## The task
Starting at the line that holds "theory Submission" and stopping at the line that holds "vanishes along a", restate the records below word for word, with both of those lines included.

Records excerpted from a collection
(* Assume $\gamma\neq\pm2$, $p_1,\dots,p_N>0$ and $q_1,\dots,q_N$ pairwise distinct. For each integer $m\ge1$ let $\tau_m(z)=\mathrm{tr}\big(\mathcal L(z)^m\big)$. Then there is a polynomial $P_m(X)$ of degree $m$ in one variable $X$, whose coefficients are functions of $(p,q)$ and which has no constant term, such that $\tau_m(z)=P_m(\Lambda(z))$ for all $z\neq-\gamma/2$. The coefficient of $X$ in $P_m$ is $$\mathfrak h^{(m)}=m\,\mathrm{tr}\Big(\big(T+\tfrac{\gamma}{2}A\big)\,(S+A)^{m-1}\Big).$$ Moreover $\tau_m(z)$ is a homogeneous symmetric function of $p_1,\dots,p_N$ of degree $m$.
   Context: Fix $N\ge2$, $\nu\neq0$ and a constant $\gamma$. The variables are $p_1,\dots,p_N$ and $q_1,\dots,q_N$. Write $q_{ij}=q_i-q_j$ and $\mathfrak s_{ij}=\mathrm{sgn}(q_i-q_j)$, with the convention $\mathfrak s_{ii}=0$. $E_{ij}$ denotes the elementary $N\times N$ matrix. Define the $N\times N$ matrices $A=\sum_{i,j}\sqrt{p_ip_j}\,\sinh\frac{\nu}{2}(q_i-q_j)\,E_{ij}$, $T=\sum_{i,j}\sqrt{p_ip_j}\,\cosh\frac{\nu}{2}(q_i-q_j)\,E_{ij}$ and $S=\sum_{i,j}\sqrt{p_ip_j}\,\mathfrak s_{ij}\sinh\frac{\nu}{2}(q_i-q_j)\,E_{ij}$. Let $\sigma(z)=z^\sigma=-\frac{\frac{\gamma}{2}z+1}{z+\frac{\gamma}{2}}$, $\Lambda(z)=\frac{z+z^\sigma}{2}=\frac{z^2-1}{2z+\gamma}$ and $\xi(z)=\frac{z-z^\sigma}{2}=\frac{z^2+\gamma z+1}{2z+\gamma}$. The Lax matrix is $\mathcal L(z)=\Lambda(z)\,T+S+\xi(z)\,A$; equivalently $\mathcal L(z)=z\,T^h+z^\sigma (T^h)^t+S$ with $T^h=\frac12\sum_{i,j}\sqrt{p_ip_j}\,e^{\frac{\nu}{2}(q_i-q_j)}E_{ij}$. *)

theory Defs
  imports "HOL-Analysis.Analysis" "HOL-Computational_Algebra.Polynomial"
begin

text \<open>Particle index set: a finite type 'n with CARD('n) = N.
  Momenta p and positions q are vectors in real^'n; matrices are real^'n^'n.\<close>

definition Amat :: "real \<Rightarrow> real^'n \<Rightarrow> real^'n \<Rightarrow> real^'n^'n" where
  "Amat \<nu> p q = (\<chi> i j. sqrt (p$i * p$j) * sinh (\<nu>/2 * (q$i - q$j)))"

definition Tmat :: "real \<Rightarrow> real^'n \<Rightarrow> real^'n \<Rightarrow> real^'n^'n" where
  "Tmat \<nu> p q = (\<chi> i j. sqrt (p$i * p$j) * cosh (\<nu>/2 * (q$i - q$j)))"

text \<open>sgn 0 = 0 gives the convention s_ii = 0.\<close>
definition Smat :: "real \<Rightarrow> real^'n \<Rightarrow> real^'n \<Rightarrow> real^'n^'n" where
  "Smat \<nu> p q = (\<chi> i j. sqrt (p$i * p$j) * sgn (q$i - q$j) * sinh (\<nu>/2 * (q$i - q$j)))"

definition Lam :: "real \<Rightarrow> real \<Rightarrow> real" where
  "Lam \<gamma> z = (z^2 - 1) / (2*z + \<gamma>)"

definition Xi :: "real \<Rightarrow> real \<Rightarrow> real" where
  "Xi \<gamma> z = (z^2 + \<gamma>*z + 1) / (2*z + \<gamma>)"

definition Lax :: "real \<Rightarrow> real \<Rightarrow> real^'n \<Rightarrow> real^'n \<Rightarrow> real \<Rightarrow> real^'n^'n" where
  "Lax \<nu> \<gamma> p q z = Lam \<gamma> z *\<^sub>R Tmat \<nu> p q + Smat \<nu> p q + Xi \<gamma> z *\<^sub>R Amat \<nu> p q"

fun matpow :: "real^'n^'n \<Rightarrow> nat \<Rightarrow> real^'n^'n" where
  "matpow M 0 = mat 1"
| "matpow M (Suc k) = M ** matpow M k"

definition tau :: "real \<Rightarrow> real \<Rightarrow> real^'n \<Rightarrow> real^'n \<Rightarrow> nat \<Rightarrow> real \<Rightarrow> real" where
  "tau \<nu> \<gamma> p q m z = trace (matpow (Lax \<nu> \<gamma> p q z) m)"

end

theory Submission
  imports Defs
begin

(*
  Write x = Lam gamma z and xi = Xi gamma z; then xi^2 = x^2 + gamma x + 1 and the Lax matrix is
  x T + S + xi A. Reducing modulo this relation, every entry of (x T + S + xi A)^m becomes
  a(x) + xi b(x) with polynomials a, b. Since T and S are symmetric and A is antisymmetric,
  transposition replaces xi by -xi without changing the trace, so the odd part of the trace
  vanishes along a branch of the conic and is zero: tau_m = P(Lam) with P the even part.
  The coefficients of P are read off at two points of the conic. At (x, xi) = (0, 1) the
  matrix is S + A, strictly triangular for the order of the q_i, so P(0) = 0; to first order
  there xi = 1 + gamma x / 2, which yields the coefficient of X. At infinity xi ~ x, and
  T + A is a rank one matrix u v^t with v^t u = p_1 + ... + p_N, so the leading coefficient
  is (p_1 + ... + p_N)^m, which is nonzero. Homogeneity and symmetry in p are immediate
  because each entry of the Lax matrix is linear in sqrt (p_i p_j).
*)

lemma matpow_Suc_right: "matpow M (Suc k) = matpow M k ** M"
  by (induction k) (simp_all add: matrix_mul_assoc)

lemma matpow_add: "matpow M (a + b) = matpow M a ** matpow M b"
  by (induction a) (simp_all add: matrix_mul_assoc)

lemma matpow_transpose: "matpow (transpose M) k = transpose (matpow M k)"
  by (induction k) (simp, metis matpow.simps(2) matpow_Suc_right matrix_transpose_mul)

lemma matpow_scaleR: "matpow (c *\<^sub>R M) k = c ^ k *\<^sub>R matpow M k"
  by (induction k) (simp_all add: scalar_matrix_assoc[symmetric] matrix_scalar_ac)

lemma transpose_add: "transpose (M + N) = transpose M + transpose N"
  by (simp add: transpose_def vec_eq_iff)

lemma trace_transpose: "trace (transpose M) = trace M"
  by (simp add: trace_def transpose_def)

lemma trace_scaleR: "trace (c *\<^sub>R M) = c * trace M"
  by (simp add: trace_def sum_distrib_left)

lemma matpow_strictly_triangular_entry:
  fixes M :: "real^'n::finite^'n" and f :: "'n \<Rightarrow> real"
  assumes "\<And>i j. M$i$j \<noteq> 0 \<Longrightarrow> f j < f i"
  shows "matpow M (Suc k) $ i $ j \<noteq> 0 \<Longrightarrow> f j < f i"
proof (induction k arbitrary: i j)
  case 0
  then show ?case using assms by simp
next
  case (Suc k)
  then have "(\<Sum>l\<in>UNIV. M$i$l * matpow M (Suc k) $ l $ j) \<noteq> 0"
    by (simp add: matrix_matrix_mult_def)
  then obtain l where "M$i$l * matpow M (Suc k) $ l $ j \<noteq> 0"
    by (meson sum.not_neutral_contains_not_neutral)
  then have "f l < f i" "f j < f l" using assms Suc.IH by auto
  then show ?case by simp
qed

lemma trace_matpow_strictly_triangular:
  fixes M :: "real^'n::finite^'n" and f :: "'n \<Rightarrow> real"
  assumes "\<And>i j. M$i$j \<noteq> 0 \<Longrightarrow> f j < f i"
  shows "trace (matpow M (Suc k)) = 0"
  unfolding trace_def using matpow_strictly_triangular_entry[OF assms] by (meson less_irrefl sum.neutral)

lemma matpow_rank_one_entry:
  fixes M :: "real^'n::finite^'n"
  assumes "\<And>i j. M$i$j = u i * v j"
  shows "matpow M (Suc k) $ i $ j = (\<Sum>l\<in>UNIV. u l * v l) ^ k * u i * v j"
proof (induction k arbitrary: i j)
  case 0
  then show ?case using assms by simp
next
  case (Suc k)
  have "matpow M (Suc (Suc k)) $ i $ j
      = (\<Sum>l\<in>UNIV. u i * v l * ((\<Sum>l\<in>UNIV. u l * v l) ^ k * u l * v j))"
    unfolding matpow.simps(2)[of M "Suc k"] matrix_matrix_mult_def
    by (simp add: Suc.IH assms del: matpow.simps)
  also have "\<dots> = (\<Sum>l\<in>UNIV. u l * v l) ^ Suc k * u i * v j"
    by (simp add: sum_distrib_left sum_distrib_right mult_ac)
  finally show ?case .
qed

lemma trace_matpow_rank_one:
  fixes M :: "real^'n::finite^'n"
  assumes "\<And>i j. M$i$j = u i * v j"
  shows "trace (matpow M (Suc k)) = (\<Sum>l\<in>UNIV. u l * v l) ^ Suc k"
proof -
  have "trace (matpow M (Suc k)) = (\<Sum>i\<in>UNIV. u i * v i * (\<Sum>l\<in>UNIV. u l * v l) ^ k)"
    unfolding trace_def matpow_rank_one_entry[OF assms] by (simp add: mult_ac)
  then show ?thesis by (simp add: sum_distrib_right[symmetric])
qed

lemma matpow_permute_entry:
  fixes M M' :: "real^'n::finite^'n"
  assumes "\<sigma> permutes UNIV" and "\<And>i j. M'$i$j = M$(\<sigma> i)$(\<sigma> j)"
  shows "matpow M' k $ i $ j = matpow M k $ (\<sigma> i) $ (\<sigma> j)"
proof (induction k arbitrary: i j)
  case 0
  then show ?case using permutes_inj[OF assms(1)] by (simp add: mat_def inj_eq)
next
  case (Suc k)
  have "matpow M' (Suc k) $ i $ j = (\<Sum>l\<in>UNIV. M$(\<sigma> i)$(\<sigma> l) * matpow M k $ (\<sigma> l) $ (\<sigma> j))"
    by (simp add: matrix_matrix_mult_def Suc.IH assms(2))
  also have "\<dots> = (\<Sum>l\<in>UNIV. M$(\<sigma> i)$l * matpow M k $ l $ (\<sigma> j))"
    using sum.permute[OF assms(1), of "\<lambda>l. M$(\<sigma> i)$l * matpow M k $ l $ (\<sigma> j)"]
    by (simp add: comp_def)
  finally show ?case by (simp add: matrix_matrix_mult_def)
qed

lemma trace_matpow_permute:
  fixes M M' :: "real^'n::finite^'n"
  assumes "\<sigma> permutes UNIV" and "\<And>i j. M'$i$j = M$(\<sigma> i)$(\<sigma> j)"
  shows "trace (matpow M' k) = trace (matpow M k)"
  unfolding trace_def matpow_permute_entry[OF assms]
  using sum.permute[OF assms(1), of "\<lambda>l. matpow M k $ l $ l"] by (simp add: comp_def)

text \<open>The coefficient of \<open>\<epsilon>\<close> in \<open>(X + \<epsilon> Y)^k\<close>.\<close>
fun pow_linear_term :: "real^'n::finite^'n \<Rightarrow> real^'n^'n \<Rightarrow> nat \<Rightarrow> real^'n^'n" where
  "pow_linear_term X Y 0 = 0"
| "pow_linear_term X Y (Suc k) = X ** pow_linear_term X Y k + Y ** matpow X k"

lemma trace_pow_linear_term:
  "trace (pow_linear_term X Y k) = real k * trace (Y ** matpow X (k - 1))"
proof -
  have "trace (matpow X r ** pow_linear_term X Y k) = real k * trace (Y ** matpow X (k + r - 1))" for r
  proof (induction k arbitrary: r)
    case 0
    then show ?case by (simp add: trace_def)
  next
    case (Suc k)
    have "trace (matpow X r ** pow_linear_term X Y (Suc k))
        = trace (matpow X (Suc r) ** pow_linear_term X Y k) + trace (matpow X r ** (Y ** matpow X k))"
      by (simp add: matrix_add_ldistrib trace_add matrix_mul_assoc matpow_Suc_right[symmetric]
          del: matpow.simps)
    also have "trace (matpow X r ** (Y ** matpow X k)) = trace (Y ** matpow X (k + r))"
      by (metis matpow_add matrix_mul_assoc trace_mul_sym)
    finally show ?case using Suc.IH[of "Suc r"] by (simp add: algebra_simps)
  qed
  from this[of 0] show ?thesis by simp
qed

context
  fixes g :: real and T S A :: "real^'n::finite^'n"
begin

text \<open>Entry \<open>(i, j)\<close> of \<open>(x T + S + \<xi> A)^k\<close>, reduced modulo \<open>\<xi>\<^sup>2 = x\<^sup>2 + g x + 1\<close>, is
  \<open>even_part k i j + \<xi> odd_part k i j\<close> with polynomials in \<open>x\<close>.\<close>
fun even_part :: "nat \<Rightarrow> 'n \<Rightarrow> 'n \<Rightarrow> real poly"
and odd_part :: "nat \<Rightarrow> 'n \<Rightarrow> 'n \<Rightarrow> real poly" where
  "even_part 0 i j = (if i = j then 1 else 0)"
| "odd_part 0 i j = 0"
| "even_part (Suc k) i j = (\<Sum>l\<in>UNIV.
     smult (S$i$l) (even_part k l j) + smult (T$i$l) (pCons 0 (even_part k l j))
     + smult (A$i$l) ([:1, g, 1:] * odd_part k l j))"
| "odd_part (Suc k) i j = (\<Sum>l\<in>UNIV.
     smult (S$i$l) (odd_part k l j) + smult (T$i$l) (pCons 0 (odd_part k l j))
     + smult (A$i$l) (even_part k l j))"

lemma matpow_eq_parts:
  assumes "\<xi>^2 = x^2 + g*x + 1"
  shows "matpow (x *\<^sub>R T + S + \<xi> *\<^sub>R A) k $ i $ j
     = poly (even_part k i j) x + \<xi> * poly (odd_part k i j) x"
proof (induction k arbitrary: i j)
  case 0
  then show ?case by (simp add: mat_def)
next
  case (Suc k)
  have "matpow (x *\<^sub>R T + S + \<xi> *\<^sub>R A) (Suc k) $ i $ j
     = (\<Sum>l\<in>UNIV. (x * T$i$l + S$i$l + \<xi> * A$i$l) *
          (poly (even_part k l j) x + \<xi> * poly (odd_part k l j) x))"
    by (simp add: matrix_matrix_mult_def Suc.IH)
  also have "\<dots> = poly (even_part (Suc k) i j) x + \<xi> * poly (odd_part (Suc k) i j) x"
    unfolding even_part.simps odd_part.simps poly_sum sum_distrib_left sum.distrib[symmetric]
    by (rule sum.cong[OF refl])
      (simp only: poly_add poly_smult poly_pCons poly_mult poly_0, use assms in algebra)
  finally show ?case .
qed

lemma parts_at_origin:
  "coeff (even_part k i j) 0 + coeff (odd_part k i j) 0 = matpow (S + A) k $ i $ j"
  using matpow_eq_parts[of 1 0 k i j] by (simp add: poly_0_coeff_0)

## Output for this exercise
theory Submission
  imports Defs
begin

(*
  Write x = Lam gamma z and xi = Xi gamma z; then xi^2 = x^2 + gamma x + 1 and the Lax matrix is
  x T + S + xi A. Reducing modulo this relation, every entry of (x T + S + xi A)^m becomes
  a(x) + xi b(x) with polynomials a, b. Since T and S are symmetric and A is antisymmetric,
  transposition replaces xi by -xi without changing the trace, so the odd part of the trace
  vanishes along a branch of the conic and is zero: tau_m = P(Lam) with P the even part.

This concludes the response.